Comment by GolDDranks
7 years ago
The lack of expressive power in safe Rust is indeed a problem. However, safe Rust is getting more expressive slowly but surely. Examples are non-lexical lifetimes that allow more flexibility locally and generic associated types that allow new types of generic interfaces (allowing, for example, expressing streaming iterators generically). I'm pretty sure there will be more enhancements in expressive power in the future.
More importantly, the lack of soundness guarantees in unsafe Rust is a more critical problem. This is because unsafe is the primary mechanism to supplement safe Rust when safe Rust isn't expressive enough – it's not just for FFI like you claim! That foundation needs to be rock solid, and this work is addressing that problem.
Btw. backpointers require a guarantee that the values pointed at are not moved as long as the pointers themselves are valid. Before, the compiler would ensure that things borrowed from didn't move, but that isn't enough to implement some systems with longer-living or self-referential pointers. And generally Rust doesn't guarantee that things won't move around. But there is going to be support for "pinning" values. That still doesn't get you all you need for backpointers (which have really complicated semantics if you think about it!), but again, one step of expressivity more that allows you to implement backpointers in unsafe code, but then expose a safe interface where you can get "pinned" references to the nodes.
Backpointers aren't that bad. You have two pointers, locked together by a simple invariant. That invariant has to be valid both before and after any operation on either pointer or deletion of either object. The problem is that in most languages, it's hard to talk about an invariant between two variables. But what you have to check or prove is trivial. You don't need a full theorem prover, just some standard compiler-type checks.

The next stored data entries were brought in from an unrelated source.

(* Let $\mathcal{D}$ be a derivation in $\mathbf{Reg}$ (respectively in $\mathbf{Reg}^{+}$) with conclusion $\lambda\vec{x}.M$. Then every path in $\mathcal{D}$ from the conclusion upwards corresponds to a $\to_{\mathrm{reg}}$-rewrite sequence (respectively a $\to_{\mathrm{reg}^+}$-rewrite sequence) starting at $\lambda\vec{x}.M$, where passes over instances of (FIX) correspond to empty steps, passes over instances of $(@)$ to the left premise and to the right premise correspond to $\to_{@_0}$- and $\to_{@_1}$-steps respectively, and passes over instances of $(\lambda)$ and of $(\mathrm{del})$ (respectively $(\mathrm{del}^+)$) correspond to $\to_{\lambda}$-steps and $\to_{\mathrm{compress}}$-steps (respectively $\to_{\mathrm{del}^+}$-steps). The same holds for (finite or infinite) cyclic paths in $\mathcal{D}$ that return, possibly repeatedly, from a marked assumption at the top down to the conclusion of the instance of (FIX) at which that assumption is discharged.
   Context: Infinite $\lambda$-terms are possibly infinite terms built from variables, abstractions and applications, modulo $\alpha$-equivalence. A prefixed term is $\lambda x_1\ldots x_n.M$ ($n\ge0$, distinct variables, a separate abstraction prefix) with $M$ an infinite $\lambda$-term whose free variables are among the $x_i$. Proof system $\mathbf{Reg}^{+}$ (finite natural-deduction trees of prefixed terms): axiom (nlvar) $\lambda\vec{x}y.y$; $(\lambda)$: from $\lambda\vec{x}y.M_0$ infer $\lambda\vec{x}.\lambda y.M_0$; $(@)$: from $\lambda\vec{x}.M_0$ (left premise) and $\lambda\vec{x}.M_1$ (right premise) infer $\lambda\vec{x}.(M_0\,M_1)$; $(\mathrm{del}^{+})$: from $\lambda x_1\ldots x_{n-1}.M$ infer $\lambda x_1\ldots x_n.M$ if $x_n$ is not free in $M$; (FIX,$u$): from a derivation $\mathcal{D}_0$ of depth $\ge1$ of $\lambda\vec{x}.M$ possibly using open assumptions $[\lambda\vec{x}.M]^u$, infer $\lambda\vec{x}.M$ discharging them. $\mathbf{Reg}$: as $\mathbf{Reg}^{+}$ but with axiom only $\lambda y.y$ and with $(\mathrm{del}^{+})$ replaced by $(\mathrm{del})$: from $\lambda x_1\ldots x_{i-1}x_{i+1}\ldots x_n.M$ infer $\lambda x_1\ldots x_n.M$ if $x_i$ is not free in $M$. Rewrite relations on prefixed terms: $\lambda\vec{x}.\lambda y.M\to_{\lambda}\lambda\vec{x}y.M$; $\lambda\vec{x}.(M_0\,M_1)\to_{@_i}\lambda\vec{x}.M_i$ for $i\in\{0,1\}$; $\lambda x_1\ldots x_n.M\to_{\mathrm{compress}}\lambda x_1\ldots x_{i-1}x_{i+1}\ldots x_n.M$ if $x_i$ not free in $M$; $\lambda x_1\ldots x_n.M\to_{\mathrm{del}^+}\lambda x_1\ldots x_{n-1}.M$ if $x_n$ not free in $M$. $\to_{\mathrm{reg}}$ is the union of $\to_\lambda,\to_{@_0},\to_{@_1},\to_{\mathrm{compress}}$; $\to_{\mathrm{reg}^+}$ is the union of $\to_\lambda,\to_{@_0},\to_{@_1},\to_{\mathrm{del}^+}$. *)

theory Defs
  imports Main "HOL-Library.Extended_Nat"
begin
lemma eventually_at_right_0_closedE:
  fixes P :: "real \<Rightarrow> bool"
  assumes "\<forall>\<^sub>F t in at_right 0. P t" "P 0"
  obtains \<delta> where "0 < \<delta>" "\<And>t. 0 \<le> t \<Longrightarrow> t \<le> \<delta> \<Longrightarrow> P t"
proof -
  obtain b where "0 < b" and b: "\<And>t. 0 < t \<Longrightarrow> t < b \<Longrightarrow> P t"
    using assms(1) unfolding eventually_at_right_field by auto
  show ?thesis
  proof (rule that[of "b / 2"])
    show "0 < b / 2" using \<open>0 < b\<close> by simp
    show "P t" if "0 \<le> t" "t \<le> b / 2" for t
      using b[of t] assms(2) that \<open>0 < b\<close> by (cases "t = 0") auto
  qed
qed

locale cgf_like =
  fixes \<phi> :: "real \<Rightarrow> real" and a :: real
  assumes convex: "convex_on {a..} \<phi>" and a_neg: "a < 0" and zero: "\<phi> 0 = 0"
    and nonneg: "\<And>t. 0 \<le> t \<Longrightarrow> 0 \<le> \<phi> t"
begin

lemma legendre_attained:
  assumes "0 < t"
  obtains g where "0 \<le> g" "legendre \<phi> g = ereal (g * t - \<phi> t)"
    "\<And>u. a \<le> u \<Longrightarrow> \<phi> t + g * (u - t) \<le> \<phi> u"
proof -
  obtain g where line: "\<And>u. a \<le> u \<Longrightarrow> \<phi> t + g * (u - t) \<le> \<phi> u"
    using convex_on_supporting_line[OF convex, of t] a_neg assms by force
  have "0 \<le> g * t" using line[of 0] a_neg nonneg[of t] zero assms by simp
  then have "0 \<le> g" using assms by (simp add: zero_le_mult_iff)
  moreover have "legendre \<phi> g = ereal (g * t - \<phi> t)"
  proof (rule antisym)
    show "legendre \<phi> g \<le> ereal (g * t - \<phi> t)"
      using line a_neg by (intro legendre_le) (force simp: algebra_simps)
    show "ereal (g * t - \<phi> t) \<le> legendre \<phi> g" using assms by (intro legendre_ge) simp
  qed
  ultimately show ?thesis using that line by blast
qed

lemma exists_below_line_of_legendre_pos:
  assumes "0 < legendre \<phi> c"
  shows "\<exists>u>0. \<phi> u < c * u"
proof (rule ccontr)
  assume "\<not> (\<exists>u>0. \<phi> u < c * u)"
  then have "c * u \<le> \<phi> u" if "0 < u" for u using that by (meson not_less)
  then have "c * u - \<phi> u \<le> 0" if "0 \<le> u" for u using that zero by (cases "u = 0") auto
  then have "legendre \<phi> c \<le> ereal 0" by (rule legendre_le)
  with assms show False by (simp add: zero_ereal_def)
qed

That's what I'm getting at here. There are only a few special cases where you really need unsafe code. Backpointers, partially initialized arrays, and foreign functions cover most of it. Yes, you can construct fancy situations like hash maps where there's some performance benefit in having complicated sparse arrays of pointers interspersed with junk. Is it worth it? Zeroing memory is cheap. Go zeros everything and doesn't seem to suffer.

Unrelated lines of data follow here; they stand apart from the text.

definition first_index :: "'a list \<Rightarrow> 'a \<Rightarrow> nat" where
  "first_index w x = length (takeWhile (\<lambda>y. y \<noteq> x) w)"

lemma first_index_less: "x \<in> set w \<Longrightarrow> first_index w x < length w"
  unfolding first_index_def by (induction w) auto

lemma nth_first_index: "x \<in> set w \<Longrightarrow> w ! first_index w x = x"
  unfolding first_index_def by (induction w) auto

lemma not_in_take_first_index: "x \<notin> set (take (first_index w x) w)"
  unfolding first_index_def by (metis set_takeWhileD takeWhile_eq_take)

lemma first_index_eqI:
  assumes "a < length w" "w ! a = x" "\<And>j. j < a \<Longrightarrow> w ! j \<noteq> x"
  shows "first_index w x = a"
proof -
  have "takeWhile (\<lambda>y. y \<noteq> x) w = take a w"
    using assms by (intro takeWhile_eq_take_P_nth) auto
  then show ?thesis
    using assms(1) by (simp add: first_index_def)
qed

lemma relabel_conv_first_index:
  "relabel w = map (\<lambda>x. card (set (take (first_index w x) w)) + 1) w"
  unfolding relabel_def first_index_def by (metis takeWhile_eq_take)

lemma length_relabel [simp]: "length (relabel w) = length w"
  by (simp add: relabel_def)

lemma card_take_first_index_less:
  assumes "x \<in> set w" "first_index w x < first_index w y"
  shows "card (set (take (first_index w x) w)) < card (set (take (first_index w y) w))"
proof (rule psubset_card_mono)
  let ?a = "first_index w x" and ?b = "first_index w y"
  have "?a < length (take ?b w)" "take ?b w ! ?a = x"
    using assms first_index_less[OF assms(1)] nth_first_index[OF assms(1)] by auto
  then have "x \<in> set (take ?b w)"
    using nth_mem[of ?a "take ?b w"] by simp
  moreover have "set (take ?a w) \<subseteq> set (take ?b w)"
    using assms(2) by (intro set_take_subset_set_take) simp
  ultimately show "set (take ?a w) \<subset> set (take ?b w)"
    using not_in_take_first_index[of x w] by blast
qed simp

lemma inj_on_card_take_first_index:
  "inj_on (\<lambda>x. card (set (take (first_index w x) w))) (set w)"
proof (rule inj_onI)
  fix x y assume xy: "x \<in> set w" "y \<in> set w"
    and eq: "card (set (take (first_index w x) w)) = card (set (take (first_index w y) w))"
  then have "\<not> first_index w x < first_index w y" "\<not> first_index w y < first_index w x"
    using card_take_first_index_less by (metis less_irrefl)+
  then show "x = y"
    using xy by (metis linorder_neqE_nat nth_first_index)
qed

lemma list_kernel_map_inj_on:
  "inj_on f (set w) \<Longrightarrow> list_kernel (map f w) = list_kernel w"
  unfolding list_kernel_def by (auto simp: inj_on_eq_iff)

lemma list_kernel_relabel [simp]: "list_kernel (relabel w) = list_kernel w"
proof -
  have "inj_on (\<lambda>x. card (set (take (first_index w x) w)) + 1) (set w)"
    using inj_on_card_take_first_index[of w] by (simp add: inj_on_def)
  then show ?thesis
    unfolding relabel_conv_first_index by (rule list_kernel_map_inj_on)
qed

lemma length_eq_if_list_kernel_eq:
  assumes "list_kernel u = list_kernel v" shows "length u = length v"
proof -
  have "{i. (i, i) \<in> list_kernel u} = {..<length u}" "{i. (i, i) \<in> list_kernel v} = {..<length v}"
    by (auto simp: list_kernel_def)
  then have "{..<length u} = {..<length v}"
    using assms by simp
  then show ?thesis
    by simp
qed

lemma length_takeWhile_cong:
  "list_all2 (\<lambda>x y. P x \<longleftrightarrow> Q y) xs ys \<Longrightarrow> length (takeWhile P xs) = length (takeWhile Q ys)"
  by (induction rule: list_all2_induct) auto

lemma card_image_eq_if_same_kernel:
  assumes "\<And>x y. x \<in> A \<Longrightarrow> y \<in> A \<Longrightarrow> f x = f y \<longleftrightarrow> g x = g y"
  shows "card (f ` A) = card (g ` A)"
proof -
  define h where "h y = g (inv_into A f y)" for y
  have h: "h (f x) = g x" if "x \<in> A" for x
    using assms[of "inv_into A f (f x)" x] that by (simp add: h_def f_inv_into_f inv_into_into)
  then have "g ` A = h ` f ` A"
    by (simp add: image_image)
  moreover have "inj_on h (f ` A)"
    using h assms by (auto simp: inj_on_def)
  ultimately show ?thesis
    by (simp add: card_image)
qed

The use case of Rust is memory safety without garbage collection. Keep that in mind. Try not to get too clever. Too much "unsafe", and it will break. Not just through coding bugs. Because someone will change something that was based on an implicit assumption made in the past by another.

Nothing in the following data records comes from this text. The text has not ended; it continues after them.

(* Let $\mathcal{A}$ and $\mathcal{B}$ be unital Banach algebras, $T\in\mathcal{L}^1(\mathcal{A},\mathcal{B})$ and $\Psi\in\mathcal{L}^2(\mathcal{B},\mathcal{B})$. Then $$\|\delta_T^2\,T^{\vee}\|\leq \mathrm{adef}(\Psi)\cdot\|T\|^3.$$
   Context: $\mathcal{L}^n(\mathcal{A},\mathcal{B})$ denotes the space of bounded $n$-linear maps $\mathcal{A}^n\to\mathcal{B}$ with the operator norm. $T^{\vee}\in\mathcal{L}^2(\mathcal{A},\mathcal{B})$ is defined by $T^{\vee}(x,y)=T(xy)-\Psi(T(x),T(y))$. The operator $\delta_T^2:\mathcal{L}^2(\mathcal{A},\mathcal{B})\to\mathcal{L}^3(\mathcal{A},\mathcal{B})$ is defined by $\delta_T^2\phi(x,y,z)=\Psi(T(x),\phi(y,z))-\phi(xy,z)+\phi(x,yz)-\Psi(\phi(x,y),T(z))$. The associative defect is $\mathrm{adef}(\Psi)=\sup\{\|\Psi(u,\Psi(v,w))-\Psi(\Psi(u,v),w)\|: u,v,w\in\mathcal{B},\ \|u\|,\|v\|,\|w\|\leq1\}$. *)

theory Defs
  imports "HOL-Analysis.Analysis"
begin

definition norm3 :: "('a::real_normed_vector \<Rightarrow> 'a \<Rightarrow> 'a \<Rightarrow> 'b::real_normed_vector) \<Rightarrow> real" where
  "norm3 \<phi> = Sup {norm (\<phi> x y z) | x y z. norm x \<le> 1 \<and> norm y \<le> 1 \<and> norm z \<le> 1}"

definition Tvee :: "('a::real_normed_algebra_1 \<Rightarrow> 'b::real_normed_algebra_1) \<Rightarrow> ('b \<Rightarrow> 'b \<Rightarrow> 'b) \<Rightarrow> 'a \<Rightarrow> 'a \<Rightarrow> 'b" where
  "Tvee T \<Psi> = (\<lambda>x y. T (x * y) - \<Psi> (T x) (T y))"

definition delta2 :: "('a::real_normed_algebra_1 \<Rightarrow> 'b::real_normed_algebra_1) \<Rightarrow> ('b \<Rightarrow> 'b \<Rightarrow> 'b)
    \<Rightarrow> ('a \<Rightarrow> 'a \<Rightarrow> 'b) \<Rightarrow> 'a \<Rightarrow> 'a \<Rightarrow> 'a \<Rightarrow> 'b" where
  "delta2 T \<Psi> \<phi> = (\<lambda>x y z. \<Psi> (T x) (\<phi> y z) - \<phi> (x * y) z + \<phi> x (y * z) - \<Psi> (\<phi> x y) (T z))"

definition adef :: "('b::real_normed_vector \<Rightarrow> 'b \<Rightarrow> 'b) \<Rightarrow> real" where
  "adef \<Psi> = Sup {norm (\<Psi> u (\<Psi> v w) - \<Psi> (\<Psi> u v) w) | u v w. norm u \<le> 1 \<and> norm v \<le> 1 \<and> norm w \<le> 1}"

end

theory Submission
  imports Defs
begin

text \<open>In \<open>\<delta>\<^sub>T\<^sup>2 T\<^sup>\<or>\<close> the terms \<open>T((xy)z)\<close> and \<open>T(x(yz))\<close> cancel by
  associativity of \<open>\<A>\<close>, and the terms \<open>\<Psi>(T x, T(yz))\<close>, \<open>\<Psi>(T(xy), T z)\<close> each occur
  twice with opposite signs, leaving (up to sign) the associator of \<open>\<Psi>\<close> at \<open>(T x, T y, T z)\<close>. The
  associator is trilinear, so rescaling to the unit ball bounds its norm by
  \<open>adef \<Psi> \<parallel>T x\<parallel> \<parallel>T y\<parallel> \<parallel>T z\<parallel> \<le> adef \<Psi> \<parallel>T\<parallel>\<^sup>3\<close>.\<close>

lemma delta2_Tvee_eq_associator:
  assumes "bounded_bilinear \<Psi>"
  shows "delta2 T \<Psi> (Tvee T \<Psi>) x y z = \<Psi> (\<Psi> (T x) (T y)) (T z) - \<Psi> (T x) (\<Psi> (T y) (T z))"
proof -
  interpret \<Psi>: bounded_bilinear \<Psi> by fact
  show ?thesis
    unfolding delta2_def Tvee_def
    by (simp add: \<Psi>.diff_left \<Psi>.diff_right mult.assoc algebra_simps)
qed

lemma bdd_above_norm_associator:
  assumes "bounded_bilinear \<Psi>"
  shows "bdd_above {norm (\<Psi> u (\<Psi> v w) - \<Psi> (\<Psi> u v) w) | u v w.
                      norm u \<le> 1 \<and> norm v \<le> 1 \<and> norm w \<le> 1}"
proof -
  interpret \<Psi>: bounded_bilinear \<Psi> by fact
  obtain K where K: "\<And>a b. norm (\<Psi> a b) \<le> norm a * norm b * K" and "K \<ge> 0"
    using \<Psi>.nonneg_bounded by blast
  have bound: "norm (\<Psi> a b) \<le> A * B * K" if "norm a \<le> A" "norm b \<le> B" for a b A B
    using K[of a b] \<open>K \<ge> 0\<close> that
    by (meson mult_mono mult_right_mono norm_ge_zero order_trans)
  have "norm (\<Psi> u (\<Psi> v w) - \<Psi> (\<Psi> u v) w) \<le> 1 * (1 * 1 * K) * K + (1 * 1 * K) * 1 * K"
    if "norm u \<le> 1" "norm v \<le> 1" "norm w \<le> 1" for u v w
    using norm_triangle_ineq4[of "\<Psi> u (\<Psi> v w)" "\<Psi> (\<Psi> u v) w"] that
      bound[OF that(1) bound[OF that(2,3)]] bound[OF bound[OF that(1,2)] that(3)]
    by linarith
  then show ?thesis
    unfolding bdd_above_def by blast
qed
lemma norm_associator_le_adef:
  assumes "bounded_bilinear \<Psi>" "norm u \<le> 1" "norm v \<le> 1" "norm w \<le> 1"
  shows "norm (\<Psi> u (\<Psi> v w) - \<Psi> (\<Psi> u v) w) \<le> adef \<Psi>"
  unfolding adef_def
  by (rule cSup_upper[OF _ bdd_above_norm_associator[OF assms(1)]]) (use assms in blast)

lemma adef_nonneg:
  assumes "bounded_bilinear \<Psi>"
  shows "adef \<Psi> \<ge> 0"
  by (rule order_trans[OF norm_ge_zero norm_associator_le_adef[OF assms, of 0 0 0]]) simp_all

lemma norm_associator_le_adef_mult:
  assumes "bounded_bilinear \<Psi>"
  shows "norm (\<Psi> u (\<Psi> v w) - \<Psi> (\<Psi> u v) w) \<le> adef \<Psi> * (norm u * norm v * norm w)"
proof (cases "u = 0 \<or> v = 0 \<or> w = 0")
  case True
  interpret \<Psi>: bounded_bilinear \<Psi> by fact
  show ?thesis
    using True adef_nonneg[OF assms] by (auto simp: \<Psi>.zero_left \<Psi>.zero_right)
next
  case False
  interpret \<Psi>: bounded_bilinear \<Psi> by fact
  let ?u = "u /\<^sub>R norm u" and ?v = "v /\<^sub>R norm v" and ?w = "w /\<^sub>R norm w"
  have units: "norm ?u \<le> 1" "norm ?v \<le> 1" "norm ?w \<le> 1"
    using False by auto
  have "\<Psi> u (\<Psi> v w) - \<Psi> (\<Psi> u v) w
      = (norm u * norm v * norm w) *\<^sub>R (\<Psi> ?u (\<Psi> ?v ?w) - \<Psi> (\<Psi> ?u ?v) ?w)"
    using False
    by (simp add: \<Psi>.scaleR_left \<Psi>.scaleR_right scaleR_diff_right mult.commute mult.left_commute)
  then have "norm (\<Psi> u (\<Psi> v w) - \<Psi> (\<Psi> u v) w)
      = (norm u * norm v * norm w) * norm (\<Psi> ?u (\<Psi> ?v ?w) - \<Psi> (\<Psi> ?u ?v) ?w)"
    by simp
  also have "\<dots> \<le> (norm u * norm v * norm w) * adef \<Psi>"
    by (intro mult_left_mono norm_associator_le_adef[OF assms units]) simp
  finally show ?thesis
    by (simp add: mult.commute)
qed

lemma norm3_le:
  assumes "\<And>x y z. norm x \<le> 1 \<Longrightarrow> norm y \<le> 1 \<Longrightarrow> norm z \<le> 1 \<Longrightarrow> norm (\<phi> x y z) \<le> C"
  shows "norm3 \<phi> \<le> C"
  unfolding norm3_def
proof (rule cSup_least)
  show "{norm (\<phi> x y z) | x y z. norm x \<le> 1 \<and> norm y \<le> 1 \<and> norm z \<le> 1} \<noteq> {}"
    by (metis (mono_tags, lifting) empty_iff mem_Collect_eq norm_zero order_refl zero_le_one)
qed (use assms in blast)

lemma norm_le_onorm_unit_ball:
  assumes "bounded_linear T" "norm x \<le> 1"
  shows "norm (T x) \<le> onorm T"
  using onorm[OF assms(1), of x] mult_left_mono[OF assms(2) onorm_pos_le[OF assms(1)]]
  by linarith

theorem lemma2p1:
  fixes T :: "'a::{real_normed_algebra_1, banach} \<Rightarrow> 'b::{real_normed_algebra_1, banach}"
    and \<Psi> :: "'b \<Rightarrow> 'b \<Rightarrow> 'b"
  assumes "bounded_linear T"
    and "bounded_bilinear \<Psi>"
  shows "norm3 (delta2 T \<Psi> (Tvee T \<Psi>)) \<le> adef \<Psi> * onorm T ^ 3"
proof (rule norm3_le)
  fix x y z :: 'a
  assume unit: "norm x \<le> 1" "norm y \<le> 1" "norm z \<le> 1"
  have "norm (delta2 T \<Psi> (Tvee T \<Psi>) x y z)
      = norm (\<Psi> (T x) (\<Psi> (T y) (T z)) - \<Psi> (\<Psi> (T x) (T y)) (T z))"
    unfolding delta2_Tvee_eq_associator[OF assms(2)] by (rule norm_minus_commute)
  also have "\<dots> \<le> adef \<Psi> * (norm (T x) * norm (T y) * norm (T z))"
    by (rule norm_associator_le_adef_mult[OF assms(2)])
  also have "\<dots> \<le> adef \<Psi> * (onorm T * onorm T * onorm T)"
    using norm_le_onorm_unit_ball[OF assms(1)] unit adef_nonneg[OF assms(2)] onorm_pos_le[OF assms(1)]
    by (intro mult_left_mono mult_mono) auto
  finally show "norm (delta2 T \<Psi> (Tvee T \<Psi>) x y z) \<le> adef \<Psi> * onorm T ^ 3"
    by (simp add: power3_eq_cube)
qed

end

You don't get to hand-wave away the complexity by just asserting that it is trivial. The hard part of all static analysis tools is reasoning about pointers.
> Go zeros everything and doesn't seem to suffer.
What are you referring to by this? For most CPU bound things, Go is measurably slower than Rust. If you mean that Go is successful as a language, well... that's almost like saying "why do you need structs/value types? Python allocates everything and doesn't seem to suffer". The languages have different domains/primary targets.